_The problem_: A line qualifies if it holds the string "intro". Copy every qualifying line from the records.

::::

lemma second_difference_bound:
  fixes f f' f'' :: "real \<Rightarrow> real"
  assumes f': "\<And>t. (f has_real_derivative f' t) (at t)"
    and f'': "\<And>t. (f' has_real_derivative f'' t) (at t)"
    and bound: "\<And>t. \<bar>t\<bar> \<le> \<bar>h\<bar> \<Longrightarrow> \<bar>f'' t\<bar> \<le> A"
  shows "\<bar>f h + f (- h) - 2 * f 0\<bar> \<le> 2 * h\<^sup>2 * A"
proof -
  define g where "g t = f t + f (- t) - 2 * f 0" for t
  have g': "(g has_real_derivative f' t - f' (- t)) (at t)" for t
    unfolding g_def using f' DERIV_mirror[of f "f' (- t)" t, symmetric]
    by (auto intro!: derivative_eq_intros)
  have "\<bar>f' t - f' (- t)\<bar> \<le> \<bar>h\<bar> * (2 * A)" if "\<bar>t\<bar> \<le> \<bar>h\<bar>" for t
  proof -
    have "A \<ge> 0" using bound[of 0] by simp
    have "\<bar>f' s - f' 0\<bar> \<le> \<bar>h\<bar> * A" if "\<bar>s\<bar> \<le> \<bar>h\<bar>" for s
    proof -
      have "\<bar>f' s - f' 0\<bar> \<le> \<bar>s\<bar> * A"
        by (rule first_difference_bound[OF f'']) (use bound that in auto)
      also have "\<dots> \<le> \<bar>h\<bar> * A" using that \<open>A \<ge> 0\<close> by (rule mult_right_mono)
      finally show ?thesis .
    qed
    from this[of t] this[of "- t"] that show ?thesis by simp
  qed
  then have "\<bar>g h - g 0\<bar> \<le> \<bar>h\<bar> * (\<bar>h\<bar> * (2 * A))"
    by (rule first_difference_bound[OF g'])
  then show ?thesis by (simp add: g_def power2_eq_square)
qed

::::

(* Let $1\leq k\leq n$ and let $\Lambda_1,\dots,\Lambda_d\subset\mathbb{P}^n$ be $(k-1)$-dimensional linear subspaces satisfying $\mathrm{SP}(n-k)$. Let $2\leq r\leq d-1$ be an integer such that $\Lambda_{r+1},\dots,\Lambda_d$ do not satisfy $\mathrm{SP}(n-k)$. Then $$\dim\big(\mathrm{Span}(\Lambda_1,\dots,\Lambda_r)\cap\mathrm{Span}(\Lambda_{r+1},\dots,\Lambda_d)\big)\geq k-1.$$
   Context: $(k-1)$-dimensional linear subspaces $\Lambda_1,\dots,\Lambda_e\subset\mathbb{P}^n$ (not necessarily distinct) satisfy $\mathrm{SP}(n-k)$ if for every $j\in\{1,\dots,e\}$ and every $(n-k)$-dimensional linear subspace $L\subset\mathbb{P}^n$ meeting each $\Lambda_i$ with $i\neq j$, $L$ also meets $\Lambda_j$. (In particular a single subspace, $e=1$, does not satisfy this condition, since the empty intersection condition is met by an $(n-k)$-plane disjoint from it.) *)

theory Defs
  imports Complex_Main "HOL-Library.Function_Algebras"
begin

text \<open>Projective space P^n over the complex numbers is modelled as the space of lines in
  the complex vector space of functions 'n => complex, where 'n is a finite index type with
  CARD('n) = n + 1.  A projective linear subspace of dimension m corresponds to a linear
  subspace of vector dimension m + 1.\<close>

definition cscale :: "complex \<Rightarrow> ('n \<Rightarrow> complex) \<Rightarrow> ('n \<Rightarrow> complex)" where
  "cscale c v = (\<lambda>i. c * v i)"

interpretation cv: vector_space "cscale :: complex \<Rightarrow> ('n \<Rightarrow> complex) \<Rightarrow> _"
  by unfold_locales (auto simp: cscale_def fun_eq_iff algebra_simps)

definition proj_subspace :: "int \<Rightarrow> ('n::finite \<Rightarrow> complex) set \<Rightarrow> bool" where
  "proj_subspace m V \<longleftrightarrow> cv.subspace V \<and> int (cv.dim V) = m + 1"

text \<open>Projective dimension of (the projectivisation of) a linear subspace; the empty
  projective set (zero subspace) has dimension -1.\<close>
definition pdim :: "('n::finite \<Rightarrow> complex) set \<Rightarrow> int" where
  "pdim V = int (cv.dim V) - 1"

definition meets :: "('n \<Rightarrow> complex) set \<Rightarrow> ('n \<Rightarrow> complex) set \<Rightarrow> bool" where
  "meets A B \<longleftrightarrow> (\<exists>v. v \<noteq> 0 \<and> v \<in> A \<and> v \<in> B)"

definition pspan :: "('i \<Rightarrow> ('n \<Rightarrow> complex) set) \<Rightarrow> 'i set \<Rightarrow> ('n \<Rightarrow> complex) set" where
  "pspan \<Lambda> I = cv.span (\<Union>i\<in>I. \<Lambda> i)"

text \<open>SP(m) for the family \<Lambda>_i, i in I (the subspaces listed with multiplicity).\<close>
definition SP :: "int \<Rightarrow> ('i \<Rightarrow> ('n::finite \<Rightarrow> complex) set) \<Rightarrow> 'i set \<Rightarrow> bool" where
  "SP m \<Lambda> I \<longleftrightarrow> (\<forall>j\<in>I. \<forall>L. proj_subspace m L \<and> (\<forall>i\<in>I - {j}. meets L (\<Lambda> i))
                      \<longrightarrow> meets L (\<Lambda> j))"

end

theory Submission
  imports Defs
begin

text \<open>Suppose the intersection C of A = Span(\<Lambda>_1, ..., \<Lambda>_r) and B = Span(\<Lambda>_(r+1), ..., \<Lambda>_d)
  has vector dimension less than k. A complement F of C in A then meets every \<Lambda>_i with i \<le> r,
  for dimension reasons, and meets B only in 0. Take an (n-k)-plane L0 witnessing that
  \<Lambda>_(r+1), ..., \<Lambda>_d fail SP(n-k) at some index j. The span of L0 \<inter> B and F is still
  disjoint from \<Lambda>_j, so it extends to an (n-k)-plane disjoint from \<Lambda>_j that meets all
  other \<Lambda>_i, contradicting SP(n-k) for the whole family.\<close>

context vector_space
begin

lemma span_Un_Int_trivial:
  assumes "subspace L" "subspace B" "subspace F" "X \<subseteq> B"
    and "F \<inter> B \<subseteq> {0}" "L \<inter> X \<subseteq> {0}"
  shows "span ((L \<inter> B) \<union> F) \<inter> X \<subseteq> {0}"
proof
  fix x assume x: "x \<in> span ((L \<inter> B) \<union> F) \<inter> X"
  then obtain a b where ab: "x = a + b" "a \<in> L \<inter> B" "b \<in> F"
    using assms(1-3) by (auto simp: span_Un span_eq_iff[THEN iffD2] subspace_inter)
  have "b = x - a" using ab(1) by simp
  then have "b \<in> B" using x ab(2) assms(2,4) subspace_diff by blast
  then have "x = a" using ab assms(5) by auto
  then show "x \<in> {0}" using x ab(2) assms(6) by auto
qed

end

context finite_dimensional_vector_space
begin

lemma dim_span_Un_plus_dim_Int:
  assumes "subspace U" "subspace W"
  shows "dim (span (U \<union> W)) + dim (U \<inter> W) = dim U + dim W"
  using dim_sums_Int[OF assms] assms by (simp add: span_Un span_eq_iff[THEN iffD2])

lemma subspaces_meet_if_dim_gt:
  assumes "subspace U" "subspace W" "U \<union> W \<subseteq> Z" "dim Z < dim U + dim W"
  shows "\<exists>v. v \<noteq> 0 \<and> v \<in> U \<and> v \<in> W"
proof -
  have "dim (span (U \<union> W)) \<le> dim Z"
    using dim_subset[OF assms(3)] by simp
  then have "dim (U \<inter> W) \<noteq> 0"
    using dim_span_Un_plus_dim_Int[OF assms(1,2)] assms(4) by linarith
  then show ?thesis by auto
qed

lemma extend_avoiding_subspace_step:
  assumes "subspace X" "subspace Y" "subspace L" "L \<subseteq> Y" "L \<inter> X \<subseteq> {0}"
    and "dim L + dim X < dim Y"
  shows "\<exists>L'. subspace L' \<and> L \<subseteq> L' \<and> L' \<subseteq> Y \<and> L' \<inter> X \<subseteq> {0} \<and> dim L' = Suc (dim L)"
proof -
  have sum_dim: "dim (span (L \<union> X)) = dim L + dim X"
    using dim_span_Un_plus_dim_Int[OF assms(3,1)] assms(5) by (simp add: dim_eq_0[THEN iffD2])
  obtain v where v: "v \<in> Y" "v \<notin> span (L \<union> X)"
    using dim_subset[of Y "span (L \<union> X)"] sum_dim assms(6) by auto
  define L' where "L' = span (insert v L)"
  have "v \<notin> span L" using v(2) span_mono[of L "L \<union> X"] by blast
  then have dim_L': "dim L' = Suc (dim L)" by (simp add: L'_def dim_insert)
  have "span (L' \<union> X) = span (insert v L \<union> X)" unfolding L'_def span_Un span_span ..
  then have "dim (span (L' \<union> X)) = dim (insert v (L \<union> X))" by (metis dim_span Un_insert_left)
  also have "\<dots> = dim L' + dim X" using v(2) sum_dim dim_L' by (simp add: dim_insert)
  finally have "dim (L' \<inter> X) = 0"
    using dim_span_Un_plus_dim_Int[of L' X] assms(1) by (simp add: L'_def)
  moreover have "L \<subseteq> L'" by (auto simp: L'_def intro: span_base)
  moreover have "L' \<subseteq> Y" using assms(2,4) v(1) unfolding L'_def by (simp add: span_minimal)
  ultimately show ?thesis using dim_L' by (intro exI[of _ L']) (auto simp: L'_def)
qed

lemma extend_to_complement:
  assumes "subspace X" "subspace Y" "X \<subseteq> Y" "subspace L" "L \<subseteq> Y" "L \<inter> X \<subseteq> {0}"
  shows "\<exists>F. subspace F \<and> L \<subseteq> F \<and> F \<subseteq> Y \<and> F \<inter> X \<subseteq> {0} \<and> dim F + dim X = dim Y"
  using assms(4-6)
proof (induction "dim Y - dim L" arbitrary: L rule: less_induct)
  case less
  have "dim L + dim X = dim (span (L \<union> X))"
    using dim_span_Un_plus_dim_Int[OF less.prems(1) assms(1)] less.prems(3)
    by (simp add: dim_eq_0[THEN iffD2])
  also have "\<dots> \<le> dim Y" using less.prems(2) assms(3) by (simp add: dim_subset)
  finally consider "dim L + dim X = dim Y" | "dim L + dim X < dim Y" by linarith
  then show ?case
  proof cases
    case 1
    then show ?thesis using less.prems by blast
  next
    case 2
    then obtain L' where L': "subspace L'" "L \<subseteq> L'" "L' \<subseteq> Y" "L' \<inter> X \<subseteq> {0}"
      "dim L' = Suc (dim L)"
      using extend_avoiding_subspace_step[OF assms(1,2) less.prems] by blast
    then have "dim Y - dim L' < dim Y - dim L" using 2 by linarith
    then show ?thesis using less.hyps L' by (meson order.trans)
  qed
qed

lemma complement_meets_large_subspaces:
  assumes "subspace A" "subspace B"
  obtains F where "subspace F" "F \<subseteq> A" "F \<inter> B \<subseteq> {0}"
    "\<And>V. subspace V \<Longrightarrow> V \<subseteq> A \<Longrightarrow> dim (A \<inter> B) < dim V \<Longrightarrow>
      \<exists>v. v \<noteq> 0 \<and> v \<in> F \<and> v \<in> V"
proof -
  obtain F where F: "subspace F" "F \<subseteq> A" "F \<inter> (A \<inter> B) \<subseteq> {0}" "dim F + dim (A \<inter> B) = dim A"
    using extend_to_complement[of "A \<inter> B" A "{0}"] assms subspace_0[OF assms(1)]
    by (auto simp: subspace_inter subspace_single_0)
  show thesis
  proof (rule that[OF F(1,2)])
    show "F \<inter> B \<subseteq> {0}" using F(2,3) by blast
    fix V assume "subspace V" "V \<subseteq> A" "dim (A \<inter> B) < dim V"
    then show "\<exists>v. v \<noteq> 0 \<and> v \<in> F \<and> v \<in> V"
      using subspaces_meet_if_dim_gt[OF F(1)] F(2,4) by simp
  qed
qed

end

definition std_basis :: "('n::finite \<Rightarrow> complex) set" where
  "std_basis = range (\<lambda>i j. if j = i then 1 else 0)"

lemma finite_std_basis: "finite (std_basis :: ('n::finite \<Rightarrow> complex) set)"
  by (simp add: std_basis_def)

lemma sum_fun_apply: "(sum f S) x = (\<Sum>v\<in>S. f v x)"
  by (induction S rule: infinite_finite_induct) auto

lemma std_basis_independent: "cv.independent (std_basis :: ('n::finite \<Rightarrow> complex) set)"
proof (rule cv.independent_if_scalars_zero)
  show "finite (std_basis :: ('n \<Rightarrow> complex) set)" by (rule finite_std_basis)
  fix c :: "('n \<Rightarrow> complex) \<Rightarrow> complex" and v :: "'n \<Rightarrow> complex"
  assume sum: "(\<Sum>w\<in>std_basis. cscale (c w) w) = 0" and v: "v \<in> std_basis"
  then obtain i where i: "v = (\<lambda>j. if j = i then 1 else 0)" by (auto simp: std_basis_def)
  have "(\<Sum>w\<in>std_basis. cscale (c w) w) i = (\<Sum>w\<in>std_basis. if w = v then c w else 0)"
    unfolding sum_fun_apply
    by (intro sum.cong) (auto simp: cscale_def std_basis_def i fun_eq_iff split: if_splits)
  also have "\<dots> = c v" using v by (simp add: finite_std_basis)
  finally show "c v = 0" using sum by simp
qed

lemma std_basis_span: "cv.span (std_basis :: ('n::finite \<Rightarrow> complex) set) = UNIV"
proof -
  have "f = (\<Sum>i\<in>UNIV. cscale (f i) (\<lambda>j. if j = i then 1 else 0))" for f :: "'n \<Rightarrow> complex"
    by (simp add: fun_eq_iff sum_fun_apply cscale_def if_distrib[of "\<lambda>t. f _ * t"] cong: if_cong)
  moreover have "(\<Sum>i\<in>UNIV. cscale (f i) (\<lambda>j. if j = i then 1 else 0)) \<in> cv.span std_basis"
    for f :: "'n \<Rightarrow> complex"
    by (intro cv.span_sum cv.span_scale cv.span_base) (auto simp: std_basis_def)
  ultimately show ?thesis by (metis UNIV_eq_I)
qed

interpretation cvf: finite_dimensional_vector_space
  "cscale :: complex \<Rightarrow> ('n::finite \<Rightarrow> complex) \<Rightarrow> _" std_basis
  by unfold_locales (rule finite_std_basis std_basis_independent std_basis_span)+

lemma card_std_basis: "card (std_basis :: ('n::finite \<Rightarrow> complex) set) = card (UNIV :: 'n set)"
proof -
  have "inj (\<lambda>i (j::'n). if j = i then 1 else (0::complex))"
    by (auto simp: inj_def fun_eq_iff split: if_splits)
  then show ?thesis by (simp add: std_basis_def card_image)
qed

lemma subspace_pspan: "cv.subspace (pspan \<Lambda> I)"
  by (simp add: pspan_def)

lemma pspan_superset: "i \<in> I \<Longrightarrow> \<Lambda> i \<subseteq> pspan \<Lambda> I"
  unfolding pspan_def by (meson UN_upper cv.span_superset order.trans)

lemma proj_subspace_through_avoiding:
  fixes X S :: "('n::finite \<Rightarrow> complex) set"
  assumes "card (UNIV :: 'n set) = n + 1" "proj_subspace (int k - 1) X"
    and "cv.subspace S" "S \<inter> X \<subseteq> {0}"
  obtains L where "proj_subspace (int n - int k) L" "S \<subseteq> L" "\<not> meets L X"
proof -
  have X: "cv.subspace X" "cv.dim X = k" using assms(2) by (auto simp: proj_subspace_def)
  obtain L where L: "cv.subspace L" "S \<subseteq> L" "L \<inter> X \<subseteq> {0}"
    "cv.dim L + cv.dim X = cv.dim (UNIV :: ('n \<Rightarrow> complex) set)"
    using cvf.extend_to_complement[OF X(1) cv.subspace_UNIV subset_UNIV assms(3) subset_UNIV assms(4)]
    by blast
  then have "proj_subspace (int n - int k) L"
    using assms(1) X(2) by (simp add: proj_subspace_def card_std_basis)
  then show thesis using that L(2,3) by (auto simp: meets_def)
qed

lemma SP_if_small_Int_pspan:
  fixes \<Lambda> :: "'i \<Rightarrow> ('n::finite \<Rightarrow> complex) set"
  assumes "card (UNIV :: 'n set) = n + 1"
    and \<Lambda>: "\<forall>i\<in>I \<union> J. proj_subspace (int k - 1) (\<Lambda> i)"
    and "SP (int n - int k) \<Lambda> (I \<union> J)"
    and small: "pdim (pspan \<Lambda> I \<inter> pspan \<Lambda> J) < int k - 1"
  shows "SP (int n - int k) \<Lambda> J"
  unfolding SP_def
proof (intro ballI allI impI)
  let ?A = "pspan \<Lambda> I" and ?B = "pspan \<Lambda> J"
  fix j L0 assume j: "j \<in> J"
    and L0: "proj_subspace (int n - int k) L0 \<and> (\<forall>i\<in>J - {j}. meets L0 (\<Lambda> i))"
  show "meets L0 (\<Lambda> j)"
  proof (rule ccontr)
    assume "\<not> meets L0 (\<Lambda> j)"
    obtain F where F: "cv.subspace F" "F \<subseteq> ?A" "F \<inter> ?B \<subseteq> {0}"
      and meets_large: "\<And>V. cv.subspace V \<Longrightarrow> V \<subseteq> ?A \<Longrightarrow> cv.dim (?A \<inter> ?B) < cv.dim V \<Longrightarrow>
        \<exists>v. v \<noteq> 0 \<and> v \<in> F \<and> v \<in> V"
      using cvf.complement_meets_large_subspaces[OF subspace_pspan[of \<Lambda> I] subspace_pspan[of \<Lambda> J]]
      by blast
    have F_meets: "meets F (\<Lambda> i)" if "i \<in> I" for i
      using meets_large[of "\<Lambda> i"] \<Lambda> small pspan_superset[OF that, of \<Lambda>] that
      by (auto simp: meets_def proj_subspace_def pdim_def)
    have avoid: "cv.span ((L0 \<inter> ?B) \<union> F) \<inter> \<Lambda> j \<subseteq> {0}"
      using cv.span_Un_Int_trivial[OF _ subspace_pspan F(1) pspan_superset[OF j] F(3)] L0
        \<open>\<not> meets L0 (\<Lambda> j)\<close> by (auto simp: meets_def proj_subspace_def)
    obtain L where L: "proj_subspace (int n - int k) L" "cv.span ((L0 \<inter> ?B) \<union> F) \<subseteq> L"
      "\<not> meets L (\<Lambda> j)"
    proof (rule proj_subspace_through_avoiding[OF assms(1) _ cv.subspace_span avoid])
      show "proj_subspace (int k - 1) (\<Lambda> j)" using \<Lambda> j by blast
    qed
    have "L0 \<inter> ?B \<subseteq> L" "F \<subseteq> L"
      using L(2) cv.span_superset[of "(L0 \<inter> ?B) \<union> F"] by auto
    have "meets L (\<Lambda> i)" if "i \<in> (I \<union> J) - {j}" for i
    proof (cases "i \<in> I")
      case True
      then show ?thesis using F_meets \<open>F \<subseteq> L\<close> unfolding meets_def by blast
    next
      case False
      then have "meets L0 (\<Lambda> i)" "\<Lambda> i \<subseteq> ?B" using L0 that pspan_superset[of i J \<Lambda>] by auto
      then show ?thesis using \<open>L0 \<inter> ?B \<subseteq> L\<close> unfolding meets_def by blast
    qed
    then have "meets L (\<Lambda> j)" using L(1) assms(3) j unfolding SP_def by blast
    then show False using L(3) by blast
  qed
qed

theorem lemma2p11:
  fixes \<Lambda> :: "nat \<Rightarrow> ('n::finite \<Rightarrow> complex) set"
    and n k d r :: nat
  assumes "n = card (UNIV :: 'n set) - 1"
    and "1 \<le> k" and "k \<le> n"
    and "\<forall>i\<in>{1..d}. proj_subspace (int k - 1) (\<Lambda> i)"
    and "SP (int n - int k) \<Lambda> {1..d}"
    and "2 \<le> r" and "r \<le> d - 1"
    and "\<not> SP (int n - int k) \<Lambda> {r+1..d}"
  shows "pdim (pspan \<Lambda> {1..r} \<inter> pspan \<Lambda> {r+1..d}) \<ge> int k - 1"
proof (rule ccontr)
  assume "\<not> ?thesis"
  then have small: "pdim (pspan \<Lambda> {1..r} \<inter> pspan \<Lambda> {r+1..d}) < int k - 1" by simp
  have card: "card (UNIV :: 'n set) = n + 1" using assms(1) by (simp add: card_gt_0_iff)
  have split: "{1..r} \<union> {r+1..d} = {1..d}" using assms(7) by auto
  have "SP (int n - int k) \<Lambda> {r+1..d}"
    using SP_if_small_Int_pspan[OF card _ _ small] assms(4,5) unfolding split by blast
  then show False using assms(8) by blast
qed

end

::::

_Exercise solution_:
    by (auto intro!: derivative_eq_intros)
  moreover have "L \<subseteq> L'" by (auto simp: L'_def intro: span_base)
  ultimately show ?thesis using dim_L' by (intro exI[of _ L']) (auto simp: L'_def)
    by (intro sum.cong) (auto simp: cscale_def std_basis_def i fun_eq_iff split: if_splits)
    by (intro cv.span_sum cv.span_scale cv.span_base) (auto simp: std_basis_def)
proof (intro ballI allI impI)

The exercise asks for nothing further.